The code to perform this step can be found in the script
dynamic_eQTL_real/01_fash.R from the code directory.
We will directly load the fitted FASH models from the output directory.
load(file.path(result_dir, "fash_fit1_all.RData"))
We will load the datasets from the fitted FASH object:
datasets <- fash_fit1$fash_data$data_list
S_list <- fash_fit1$fash_data$S
for (i in seq_along(datasets)) datasets[[i]]$SE <- S_list[[i]]
pair_tbl <- parse_pair_keys(names(datasets)) %>%
mutate(idx = row_number())
all_genes <- unique(pair_tbl$ens_id)
gene_map <- get_gene_map(
ens_ids = all_genes,
cache_path = file.path(result_dir, "cache_gene_map.rds")
)
In this analysis, we will focus on the FASH(1) model that assumes a first order IWP and tests for dynamic eQTLs.
Let’s take a quick overview of the fitted FASH model:
log_prec <- seq(0,10, by = 0.2)
fine_grid <- sort(c(0, exp(-0.5*log_prec)))
fash_fit1 <- fash(Y = "beta", smooth_var = "time", S = "SE", data_list = datasets,
num_basis = 20, order = 1, betaprec = 0,
pred_step = 1, penalty = 10, grid = fine_grid,
num_cores = num_cores, verbose = TRUE)
save(fash_fit1, file = "./results/fash_fit1_all.RData")
fash_fit1
Fitted fash Object
-------------------
Number of datasets: 1009173
Likelihood: gaussian
Number of PSD grid values: 52 (initial), 11 (non-trivial)
Order of Integrated Wiener Process (IWP): 1
As well as the estimated priors:
fash_fit1$prior_weights
psd prior_weight
1 0.000000000 0.410663695
2 0.006737947 0.141127785
3 0.016572675 0.012015292
4 0.049787068 0.178001757
5 0.074273578 0.071560569
6 0.110803158 0.098258453
7 0.182683524 0.037970329
8 0.246596964 0.021572272
9 0.367879441 0.007501801
10 0.406569660 0.011455909
11 1.000000000 0.009872138
If we measure the significance using the false discovery rate, then it is sensitive to the value of \(\pi_0\).
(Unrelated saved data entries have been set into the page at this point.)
lemma less_distance_spectral_radius_clique_join_graph:
  assumes "2 \<le> s" "2 * s \<le> n" "poly (quotient_char_poly s n) a < 0"
  shows "a < distance_spectral_radius (clique_join_graph s n)"
proof -
  have "0 < lead_coeff (quotient_char_poly s n)"
    by (simp add: lead_coeff_quotient_char_poly)
  then obtain r where "a < r" "poly (quotient_char_poly s n) r = 0"
    using poly_root_above assms(3) by blast
  with distance_spectral_radius_clique_join_graph(2)[OF assms(1,2)] show ?thesis
    by fastforce
qed

theorem mainTheorem6:
  fixes \<delta> n s :: nat
  assumes "\<delta> \<ge> 2" and "n \<ge> 8 * \<delta> - 7"
    and "\<delta> + 1 \<le> s" and "2 * s \<le> n"
  shows "distance_spectral_radius
           (graph_join (complete_graph s)
              (graph_union (complete_graph (n - 2 * s + 1)) (edgeless_graph (s - 1))))
       > distance_spectral_radius
           (graph_join (complete_graph \<delta>)
              (graph_union (complete_graph (n - 2 * \<delta> + 1)) (edgeless_graph (\<delta> - 1))))"
proof -
  let ?\<rho> = "\<lambda>k. distance_spectral_radius (clique_join_graph k n)"
  have "real n + real s / 4 < ?\<rho> s"
    using assms poly_quotient_char_poly_at_threshold[of s n]
    by (intro less_distance_spectral_radius_clique_join_graph) auto
  have "?\<rho> \<delta> < ?\<rho> s"
  proof (cases "?\<rho> \<delta> < real n + real s / 4")
    case True
    with \<open>real n + real s / 4 < ?\<rho> s\<close> show ?thesis by linarith
  next
    case False
    have "poly (quotient_char_poly s n) (?\<rho> \<delta>) < poly (quotient_char_poly \<delta> n) (?\<rho> \<delta>)"
      using assms False by (intro poly_quotient_char_poly_less) auto
    also have "\<dots> = 0"
      using assms by (intro distance_spectral_radius_clique_join_graph(1)) auto
    finally show ?thesis
      using assms by (intro less_distance_spectral_radius_clique_join_graph) auto
  qed
  then show ?thesis
    by (simp only: clique_join_graph_def)
qed

end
The estimated \(\pi_0\) is 0.4106637, which is way too small to be realistic.
One likely reason could be due to model-misspecification under the alternative hypothesis. To account for this, we will consider the following approaches:
(i): Computing a conservative estimate of \(\pi_0\) based on the BF procedure:
fash_fit1_update <- BF_update(fash_fit1, plot = FALSE)
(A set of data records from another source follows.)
(* Let $(S,\le)$ be a well-quasi-order and $k\in\mathbb{N}$. The set of all finite $k$-path bounded $S$-graphs, ordered by the induced subgraph ordering $\sqsubseteq$, is a well-quasi-order.
   Context: An $S$-graph is a finite undirected graph $(V,E,L)$ with labelling $L:V\to S$. For $S$-graphs $\theta_1=(V_1,E_1,L_1)$, $\theta_2=(V_2,E_2,L_2)$, $\theta_1\sqsubseteq\theta_2$ iff there is an injection $h:V_1\to V_2$ such that for all $u,v\in V_1$: $(u,v)\in E_1\iff(h(u),h(v))\in E_2$, and $L_1(u)\le L_2(h(u))$. A graph is $k$-path bounded if its longest simple path has length at most $k$. *)

theory Defs
  imports Main
begin

definition wqo_on :: "('a \<Rightarrow> 'a \<Rightarrow> bool) \<Rightarrow> 'a set \<Rightarrow> bool" where
  "wqo_on le A \<longleftrightarrow>
     (\<forall>x\<in>A. le x x) \<and>
     (\<forall>x\<in>A. \<forall>y\<in>A. \<forall>z\<in>A. le x y \<longrightarrow> le y z \<longrightarrow> le x z) \<and>
     (\<forall>f::nat \<Rightarrow> 'a. (\<forall>i. f i \<in> A) \<longrightarrow> (\<exists>i j. i < j \<and> le (f i) (f j)))"

type_synonym ('v, 's) sgraph = "'v set \<times> ('v \<times> 'v) set \<times> ('v \<Rightarrow> 's)"

definition is_sgraph :: "'s set \<Rightarrow> ('v, 's) sgraph \<Rightarrow> bool" where
  "is_sgraph S G \<longleftrightarrow> (case G of (V, E, L) \<Rightarrow>
     finite V \<and> E \<subseteq> V \<times> V \<and> (\<forall>u v. (u, v) \<in> E \<longrightarrow> (v, u) \<in> E) \<and>
     (\<forall>v. (v, v) \<notin> E) \<and> (\<forall>v\<in>V. L v \<in> S))"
fash_fit1_update$prior_weights
save(fash_fit1_update, file = paste0(result_dir, "/fash_fit1_update.RData"))
The conservative estimate is 0.93568, which is much more realistic.
(ii): Instead of looking at the FDR which is based on the estimated \(\pi_0\), we can use the minimum local false sign rate (\(\text{min-lfsr}_i\)) to measure significance: \[ \text{min-lfsr}_i = \min_{t} \left\{ \text{lfsr}(W_i(t)) \right\}, \] where \(W_i(t) = \beta_i(t) - \beta_i(0)\).
Let’s compute the significance using the minimum local false sign rate (\(\text{min-lfsr}_i\)):
smooth_var_refined = seq(0,15, by = 0.1)
min_lfsr_summary1 <- min_lfsr_summary(fash_fit1, num_cores = num_cores, smooth_var = smooth_var_refined)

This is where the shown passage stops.